__SUPPLIED MATERIAL__

(* Assume that the reward class $\mathcal F_{\mathcal P}$ is compact under $\|\cdot\|_{\infty,\mathrm{supp}(\pi_0)}$ and that, for every $R\in\mathcal F_{\mathcal P}$, the map $a\mapsto R(x,a)$ is continuous on $S_x$ for $d_0$-a.e. $x\in\mathcal X$. Then for every truth $p\in\mathcal P$ and every $R\in\mathcal F_{\mathcal P}$, \[ \mathcal L_p(R)=\mathcal L_p(R_p)\quad\Longrightarrow\quad R(x,a)=R_p(x,a)\qquad\forall a\in S_x,\quad d_0\text{-a.e. }x. \] In particular, $\mathcal G_p(R)=0$.
   Context: $\mathcal X$ is a context space with context distribution $d_0$; $\mathcal A$ is a separable metric action space; $\pi_0:\mathcal X\to\Delta(\mathcal A)$ is a reference policy and $S_x:=\mathrm{supp}(\pi_0(\cdot\mid x))$ is the topological support; $\|R\|_{\infty,\mathrm{supp}(\pi_0)}$ is the supremum of $|R(x,a)|$ over pairs with $a\in S_x$. $\mathcal P$ is a compact class of truths; each $p\in\mathcal P$ induces a $\pi_0$-centered measurable reward $R_p:\mathcal X\times\mathcal A\to\mathbb R$ (i.e. $\mathbb E_{a\sim\pi_0(\cdot\mid x)}[R_p(x,a)]=0$), and $\mathcal F_{\mathcal P}:=\{R_p:p\in\mathcal P\}$. For a slate $\mathbf a=(a_1,\dots,a_K)$, $K\ge2$, the MNL choice model is $P_R(y=k\mid x,\mathbf a)=e^{R(x,a_k)}/\sum_{\ell=1}^K e^{R(x,a_\ell)}$, and the log-loss is $\ell(\mathbf v,y)=\log\sum_{k=1}^K e^{v_k}-v_y$. The truth-centered population loss is $\mathcal L_p(R):=\mathbb E[\ell(\mathbf v_R,Y)]$ where $X\sim d_0$, $\mathbf A=(A_1,\dots,A_K)\sim\pi_0(\cdot\mid X)^{\otimes K}$, $Y\sim P_{R_p}(\cdot\mid X,\mathbf A)$, and $\mathbf v_R=(R(X,A_1),\dots,R(X,A_K))$. For a centered reward $R$, $a_R(x)$ is a measurable selector in $\arg\max_{a\in S_x}R(x,a)$ under a fixed common measurable tie-breaking rule, $a_p:=a_{R_p}$, and the temperature-zero regret is $\mathcal G_p(R):=\mathbb E_{X\sim d_0}[R_p(X,a_p(X))-R_p(X,a_R(X))]$. *)

theory Defs
  imports "HOL-Probability.Probability"
begin
(* Let $n\ge2$. The sequences $0\to I_n^{0,1}\hookrightarrow\Sigma(B_n)\xrightarrow{\beta^2}\Sigma(B_{n-2})\to0$ and $0\to\mathring{\mathcal{P}}_n\hookrightarrow\mathcal{P}_n\xrightarrow{\pi}\mathcal{P}_{n-2}\to0$ are exact, the maps $\varphi:I_n^{0,1}\to\mathring{\mathcal{P}}_n$, $\varphi:\Sigma(B_n)\to\mathcal{P}_n$ and $\varphi:\Sigma(B_{n-2})\to\mathcal{P}_{n-2}$ are well defined and surjective, and the resulting diagram commutes, i.e. $\pi\circ\varphi=\varphi\circ\beta^2$ on $\Sigma(B_n)$.
   Context: $B_m$: signed permutations $w=w_1\dots w_m$ of $[m]$, values ordered $\cdots<-2<-1<1<2<\cdots$, $w_0=0$, $\mathrm{Des}(w)=\{i\in\{0,\dots,m-1\}: w_i>w_{i+1}\}$; $X_J=\sum_{\mathrm{Des}(w)\subseteq J}w$ for $J\subseteq\{0,\dots,m-1\}$; $\Sigma(B_m)=\mathrm{span}\{X_J\}$ (descent algebra, a subalgebra of $\mathbb{Q}B_m$). $\beta^2:\Sigma(B_n)\to\Sigma(B_{n-2})$ is the linear map with $X_J\mapsto X_{J-2}$ if $0,1\notin J$ and $X_J\mapsto0$ otherwise ($J-2=\{j-2:j\in J\}$). $I_n^{0,1}=\mathrm{span}\{X_J: 0\in J\text{ or }1\in J\}$. $\varphi$ forgets signs: $w\mapsto|w_1|\dots|w_m|$, extended linearly. For $u\in\mathfrak{S}_m$, $\mathrm{Peak}(u)=\{i\in[m-1]: u_{i-1}<u_i>u_{i+1}\}$ with $u_0=0$ and $\mathring{\mathrm{Peak}}(u)=\mathrm{Peak}(u)\setminus\{1\}$. $\mathcal{F}_m$: subsets of $[m-1]$ with no two consecutive integers; $\mathring{\mathcal{F}}_m=\{F\in\mathcal{F}_m:1\notin F\}$; $P_F=\sum_{\mathrm{Peak}(u)=F}u$, $\mathring{P}_F=\sum_{\mathring{\mathrm{Peak}}(u)=F}u$; $\mathcal{P}_m=\mathrm{span}\{P_F:F\in\mathcal{F}_m\}$, $\mathring{\mathcal{P}}_n=\mathrm{span}\{\mathring{P}_F:F\in\mathring{\mathcal{F}}_n\}$; $\mathcal{P}_0=\mathcal{P}_1=\mathbb{Q}$. $\pi:\mathcal{P}_n\to\mathcal{P}_{n-2}$ is the linear map with $P_F\mapsto P_{F-2}$ if $1,2\notin F$; $P_F\mapsto-P_{(F\setminus\{1\})-2}$ if $1\in F$; $P_F\mapsto0$ if $2\in F$. *)

theory Defs
  imports Complex_Main
begin

text \<open>Elements of the group algebras QB_m and QS_m are represented as coefficient
functions on words (int lists): an element is a map int list => rat, the
coefficient of the word w.\<close>

type_synonym elt = "int list \<Rightarrow> rat"

definition signed_perms :: "nat \<Rightarrow> int list set" where
  "signed_perms m = {w. length w = m \<and> distinct (map abs w) \<and> set (map abs w) = {1..int m}}"

definition perms :: "nat \<Rightarrow> int list set" where
  "perms m = {u. length u = m \<and> distinct u \<and> set u = {1..int m}}"

text \<open>1-indexed letter with the convention w_0 = 0.\<close>
definition wval :: "int list \<Rightarrow> nat \<Rightarrow> int" where
  "wval w i = (if i = 0 then 0 else w ! (i - 1))"

definition Des :: "int list \<Rightarrow> nat set" where
  "Des w = {i \<in> {0..<length w}. wval w i > wval w (Suc i)}"

definition X :: "nat \<Rightarrow> nat set \<Rightarrow> elt" where
  "X m J = (\<lambda>w. if w \<in> signed_perms m \<and> Des w \<subseteq> J then 1 else 0)"

definition shift2 :: "nat set \<Rightarrow> nat set" where
  "shift2 J = (\<lambda>j. j - 2) ` J"

definition SigmaB :: "nat \<Rightarrow> elt set" where
  "SigmaB m = {f. \<exists>c. f = (\<lambda>w. \<Sum>J\<in>Pow {0..<m}. c J * X m J w)}"

definition I01 :: "nat \<Rightarrow> elt set" where
  "I01 n = {f. \<exists>c. f = (\<lambda>w. \<Sum>J\<in>{J\<in>Pow {0..<n}. 0 \<in> J \<or> 1 \<in> J}. c J * X n J w)}"

text \<open>beta^2 : the linear map determined by its values on the basis X_J
(coefficients with respect to that basis, which is linearly independent).\<close>
definition beta2 :: "nat \<Rightarrow> elt \<Rightarrow> elt" where
  "beta2 n f = (let c = (SOME c. f = (\<lambda>w. \<Sum>J\<in>Pow {0..<n}. c J * X n J w)) in
     (\<lambda>v. \<Sum>J\<in>Pow {0..<n}. if 0 \<notin> J \<and> 1 \<notin> J then c J * X (n - 2) (shift2 J) v else 0))"

definition phi :: "elt \<Rightarrow> elt" where
  "phi f = (\<lambda>u. \<Sum>w\<in>{w \<in> signed_perms (length u). map abs w = u}. f w)"

definition Peak :: "int list \<Rightarrow> nat set" where
  "Peak u = {i \<in> {1..<length u}. wval u (i - 1) < wval u i \<and> wval u i > wval u (Suc i)}"

definition PeakO :: "int list \<Rightarrow> nat set" where
  "PeakO u = Peak u - {1}"

definition Fsets :: "nat \<Rightarrow> nat set set" where
  "Fsets m = {F. F \<subseteq> {1..<m} \<and> (\<forall>i\<in>F. Suc i \<notin> F)}"

definition FsetsO :: "nat \<Rightarrow> nat set set" where
  "FsetsO m = {F \<in> Fsets m. 1 \<notin> F}"

definition P :: "nat \<Rightarrow> nat set \<Rightarrow> elt" where
  "P m F = (\<lambda>u. if u \<in> perms m \<and> Peak u = F then 1 else 0)"

definition PO :: "nat \<Rightarrow> nat set \<Rightarrow> elt" where
  "PO m F = (\<lambda>u. if u \<in> perms m \<and> PeakO u = F then 1 else 0)"

definition PeakAlg :: "nat \<Rightarrow> elt set" where
  "PeakAlg m = {f. \<exists>c. f = (\<lambda>u. \<Sum>F\<in>Fsets m. c F * P m F u)}"

definition PeakAlgO :: "nat \<Rightarrow> elt set" where
  "PeakAlgO m = {f. \<exists>c. f = (\<lambda>u. \<Sum>F\<in>FsetsO m. c F * PO m F u)}"

definition pimap :: "nat \<Rightarrow> elt \<Rightarrow> elt" where
  "pimap n f = (let c = (SOME c. f = (\<lambda>u. \<Sum>F\<in>Fsets n. c F * P n F u)) in
     (\<lambda>v. \<Sum>F\<in>Fsets n.
        if 1 \<notin> F \<and> 2 \<notin> F then c F * P (n - 2) (shift2 F) v
        else if 1 \<in> F then - (c F * P (n - 2) (shift2 (F - {1})) v)
        else 0))"

end

(*
  Both algebras are spaces of class functions.  If h D is the sum of c J over all J containing D,
  then sum_J c J X_J is the function w |-> h (Des w), and this superset-sum transform is invertible
  on a finite power set; so Sigma(B_m) consists of all functions of the descent set, and likewise
  the peak algebra consists of all functions of the peak set.

  In these coordinates beta^2 maps h to its inclusion-exclusion over the letters 0 and 1, pi maps a
  to G |-> a (G + 2) - a (insert 1 (G + 2)), and phi maps h to
  F |-> 2^|F| * (sum of h J over the J that separate k - 1 from k for every k in F):
  a permutation with peak set F has 2^|F| signed lifts with descent set J if J separates F and none
  otherwise, since each peak fixes the sign of one letter by two constraints, each valley leaves
  one sign free, and peaks and valleys are equinumerous.  Exactness and pi o phi = phi o beta^2
  become identities between coefficient functions.  Surjectivity of phi inverts a unitriangular
  system: the set whose membership flips exactly at the elements of G separates F iff F is
  contained in G.
*)
theory Submission
  imports Defs
begin

section \<open>Superset sums over a finite power set\<close>

lemma sum_Pow_insert:
  fixes \<psi> :: "'a set \<Rightarrow> 'b::comm_monoid_add"
  assumes "finite A" and "a \<notin> A"
  shows "(\<Sum>J\<in>Pow (insert a A). \<psi> J) = (\<Sum>J\<in>Pow A. \<psi> J + \<psi> (insert a J))"
proof -
  have "inj_on (insert a) (Pow A)" and "Pow A \<inter> insert a ` Pow A = {}"
    using assms(2) by (auto simp: inj_on_def)
  then show ?thesis
    using assms(1) by (simp add: Pow_insert sum.union_disjoint sum.reindex sum.distrib)
qed

lemma ex_superset_sum_repr:
  fixes g :: "'a set \<Rightarrow> 'b::ab_group_add"
  assumes "finite S"
  shows "\<exists>c. \<forall>D\<subseteq>S. g D = (\<Sum>J\<in>Pow S. if D \<subseteq> J then c J else 0)"
  using assms
proof (induction S arbitrary: g rule: finite_induct)
  case empty
  show ?case by (intro exI[of _ g]) auto
next
  case (insert x S)
  obtain c1 where c1: "\<forall>D\<subseteq>S. g (insert x D) = (\<Sum>J\<in>Pow S. if D \<subseteq> J then c1 J else 0)"
    using insert.IH[of "\<lambda>D. g (insert x D)"] by blast
  obtain c0 where c0: "\<forall>D\<subseteq>S. g D - g (insert x D) = (\<Sum>J\<in>Pow S. if D \<subseteq> J then c0 J else 0)"
    using insert.IH[of "\<lambda>D. g D - g (insert x D)"] by blast
  define c where "c J = (if x \<in> J then c1 (J - {x}) else c0 J)" for J
  have "g D = (\<Sum>J\<in>Pow (insert x S). if D \<subseteq> J then c J else 0)" if D: "D \<subseteq> insert x S" for D
  proof -
    have c_ins: "c (insert x J) = c1 J" and c_J: "c J = c0 J" if "J \<in> Pow S" for J
    proof -
      have "x \<notin> J" using that insert.hyps(2) by auto
      then show "c (insert x J) = c1 J" and "c J = c0 J" by (simp_all add: c_def)
    qed
    show ?thesis
    proof (cases "x \<in> D")
      case True
      have eq: "(if D \<subseteq> J then c J else 0) + (if D \<subseteq> insert x J then c (insert x J) else 0)
          = (if D - {x} \<subseteq> J then c1 J else 0)" if "J \<in> Pow S" for J
        using True that insert.hyps(2) c_ins[OF that] by auto
      have "(\<Sum>J\<in>Pow (insert x S). if D \<subseteq> J then c J else 0)
          = (\<Sum>J\<in>Pow S. if D - {x} \<subseteq> J then c1 J else 0)"
        unfolding sum_Pow_insert[OF insert.hyps] by (rule sum.cong[OF refl eq])
      also have "\<dots> = g (insert x (D - {x}))"
      proof -
        have "D - {x} \<subseteq> S" using D by blast
        then show ?thesis by (simp only: c1[rule_format])
      qed
      also have "insert x (D - {x}) = D"
        using True by auto
      finally show ?thesis ..
    next
      case False
      then have "D \<subseteq> S" and "\<And>J. D \<subseteq> insert x J \<longleftrightarrow> D \<subseteq> J"
        using D by auto
      then have "(\<Sum>J\<in>Pow (insert x S). if D \<subseteq> J then c J else 0)
          = (\<Sum>J\<in>Pow S. (if D \<subseteq> J then c0 J else 0) + (if D \<subseteq> J then c1 J else 0))"
        unfolding sum_Pow_insert[OF insert.hyps] using c_ins c_J by (intro sum.cong) auto
      also have "\<dots> = g D"
        unfolding sum.distrib using c0 c1 \<open>D \<subseteq> S\<close> by (metis diff_add_cancel)
      finally show ?thesis ..
    qed
  qed
  then show ?case by blast
qed
lemma refl_conj_mult_vec:
  assumes A: "sym_posdef A"
  shows "A *v (refl_mat e *v (matrix_inv A *v x)) = (2 * ((matrix_inv A *v e) \<bullet> x)) *\<^sub>R (A *v e) - x"
  using inner_mult_vec_symmetric[OF transpose_matrix_inv_sym_posdef[OF A], of e x]
  by (simp add: refl_mat_mult_vec matrix_vector_mult_diff_distrib matrix_vector_mult_scaleR
      sym_posdef_matrix_inv_mult_vec[OF A])

lemma twin_tensor_refl_conj:
  assumes A: "sym_posdef A" and e: "norm e = 1"
  defines "p \<equiv> matrix_inv A *v e" and "q \<equiv> A *v e"
  shows "twin_tensor A (refl_mat e ** A ** refl_mat e) *v x
    = (2 * (q \<bullet> ((2 * (p \<bullet> x)) *\<^sub>R q - x))) *\<^sub>R p - ((2 * (p \<bullet> x)) *\<^sub>R q - x)"
proof -
  have "refl_mat e *v (refl_mat e *v z) = z" for z
    using refl_mat_involution[OF e] by (simp add: matrix_vector_mul_assoc)
  then have "twin_tensor A (refl_mat e ** A ** refl_mat e) *v x
      = matrix_inv A *v (refl_mat e *v (A *v (A *v (refl_mat e *v (matrix_inv A *v x)))))"
    unfolding twin_tensor_def by (simp add: matrix_vector_mul_assoc[symmetric])
  then show ?thesis
    unfolding p_def q_def refl_conj_mult_vec[OF A] refl_conj_inv_mult_vec[OF A] .
qed

lemma inner_twin_tensor_refl_conj:
  assumes A: "sym_posdef A" and e: "norm e = 1"
  defines "p \<equiv> matrix_inv A *v e" and "q \<equiv> A *v e"
  shows "x \<bullet> (twin_tensor A (refl_mat e ** A ** refl_mat e) *v y)
    = 4 * (p \<bullet> x) * (p \<bullet> y) * (q \<bullet> q) - 2 * (p \<bullet> x) * (q \<bullet> y) - 2 * (p \<bullet> y) * (q \<bullet> x) + x \<bullet> y"
  unfolding twin_tensor_refl_conj[OF A e] p_def[symmetric] q_def[symmetric]
  by (simp add: inner_diff_left inner_diff_right inner_commute algebra_simps)

lemma twin_tensor_refl_conj_eigen_swap:
  assumes A: "sym_posdef A" and e: "norm e = 1"
    and ev: "twin_tensor A (refl_mat e ** A ** refl_mat e) *v u = l *\<^sub>R u" and l: "l * l' = 1"
  defines "w \<equiv> (2 * ((A *v e) \<bullet> u)) *\<^sub>R (matrix_inv A *v e) - u"
  shows "twin_tensor A (refl_mat e ** A ** refl_mat e) *v w = l' *\<^sub>R w" and "w \<bullet> w = l' * (u \<bullet> u)"
proof -
  define p where "p = matrix_inv A *v e"
  define q where "q = A *v e"
  define k where "k y = (2 * (q \<bullet> y)) *\<^sub>R p - y" for y
  define k' where "k' x = (2 * (p \<bullet> x)) *\<^sub>R q - x" for x
  have pq: "p \<bullet> q = 1" unfolding p_def q_def by (rule inner_matrix_inv_refl_axis[OF A e])
  have C: "twin_tensor A (refl_mat e ** A ** refl_mat e) *v x = k (k' x)" for x
    unfolding twin_tensor_refl_conj[OF A e] k_def k'_def p_def q_def ..
  have kk: "k (k y) = y" and k'k': "k' (k' y) = y" for y
    unfolding k_def k'_def using pq by (simp_all add: inner_diff_right algebra_simps inner_commute)
  have k_scale: "k (c *\<^sub>R y) = c *\<^sub>R k y" and k'_scale: "k' (c *\<^sub>R y) = c *\<^sub>R k' y" for c y
    unfolding k_def k'_def by (simp_all add: algebra_simps)
  have adjoint: "(k y) \<bullet> z = y \<bullet> (k' z)" for y z
    unfolding k_def k'_def by (simp add: inner_diff_left inner_diff_right inner_commute algebra_simps)
  have w: "w = k u" unfolding w_def k_def p_def q_def ..
  have "k' u = l *\<^sub>R w"
    using arg_cong[OF ev[unfolded C], of k] unfolding kk k_scale w .
  then have "k' (k' u) = k' (l *\<^sub>R w)" by simp
  then have "u = l *\<^sub>R k' w" by (simp only: k'k' k'_scale)
  then have k'w: "k' w = l' *\<^sub>R u"
    using l by (simp add: mult.commute)
  have "twin_tensor A (refl_mat e ** A ** refl_mat e) *v w = k (l' *\<^sub>R u)"
    by (simp only: C k'w)
  then show "twin_tensor A (refl_mat e ** A ** refl_mat e) *v w = l' *\<^sub>R w"
    by (simp only: k_scale w)
  show "w \<bullet> w = l' * (u \<bullet> u)"
    using adjoint[of u w] unfolding k'w w[symmetric] by simp
qed
lemma cheeger_quotient_eq:
  fixes K :: "'a::euclidean_space set"
  assumes f: "f \<in> borel_measurable (lebesgue_on K)" and "K \<in> sets lebesgue"
    and M: "\<forall>x\<in>K. \<bar>f x\<bar> \<le> M"
    and "T \<in> lmeasurable" and "U \<in> lmeasurable" and "T \<subseteq> U" and "U \<subseteq> K"
    and "mu_f K f T \<noteq> 0"
  shows "(mu_f K f U - mu_f K f T) / (e * mu_f K f T)
    = (\<integral>x\<in>U - T. exp (- f x) \<partial>lebesgue) / (e * (\<integral>x\<in>T. exp (- f x) \<partial>lebesgue))"
proof -
  note integrable = set_integral_exp_neg_bounds(1)[OF f \<open>K \<in> sets lebesgue\<close> M]
  have "U = T \<union> (U - T)"
    using \<open>T \<subseteq> U\<close> by blast
  then have "(\<integral>x\<in>U. exp (- f x) \<partial>lebesgue)
      = (\<integral>x\<in>T \<union> (U - T). exp (- f x) \<partial>lebesgue)"
    by simp
  also have "\<dots> = (\<integral>x\<in>T. exp (- f x) \<partial>lebesgue) + (\<integral>x\<in>U - T. exp (- f x) \<partial>lebesgue)"
    using assms(4-7) by (intro set_integral_Un integrable) auto
  finally have split: "(\<integral>x\<in>U. exp (- f x) \<partial>lebesgue)
      = (\<integral>x\<in>T. exp (- f x) \<partial>lebesgue) + (\<integral>x\<in>U - T. exp (- f x) \<partial>lebesgue)" .
  have mu_f_eq: "mu_f K f X = (\<integral>x\<in>X. exp (- f x) \<partial>lebesgue) / (\<integral>x\<in>K. exp (- f x) \<partial>lebesgue)"
    if "X \<subseteq> K" for X
    using that by (simp add: mu_f_def Int_absorb2)
  have "(\<integral>x\<in>K. exp (- f x) \<partial>lebesgue) \<noteq> 0"
    using assms(8) mu_f_eq[of T] assms(6,7) by auto
  then show ?thesis
    using assms(6,7) by (simp add: mu_f_eq split add_divide_distrib divide_divide_times_eq)
qed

__PROMPT__
All lines above from the one holding "unfolding twin_tensor_refl_conj[OF A e] p_def[symmetric]" to the one holding "refl_mat e) *v u", inclusive, are to be copied exactly; no other line is wanted.

__SOLUTION FOR THIS PROBLEM__
  unfolding twin_tensor_refl_conj[OF A e] p_def[symmetric] q_def[symmetric]
  by (simp add: inner_diff_left inner_diff_right inner_commute algebra_simps)

lemma twin_tensor_refl_conj_eigen_swap:
  assumes A: "sym_posdef A" and e: "norm e = 1"
    and ev: "twin_tensor A (refl_mat e ** A ** refl_mat e) *v u = l *\<^sub>R u" and l: "l * l' = 1"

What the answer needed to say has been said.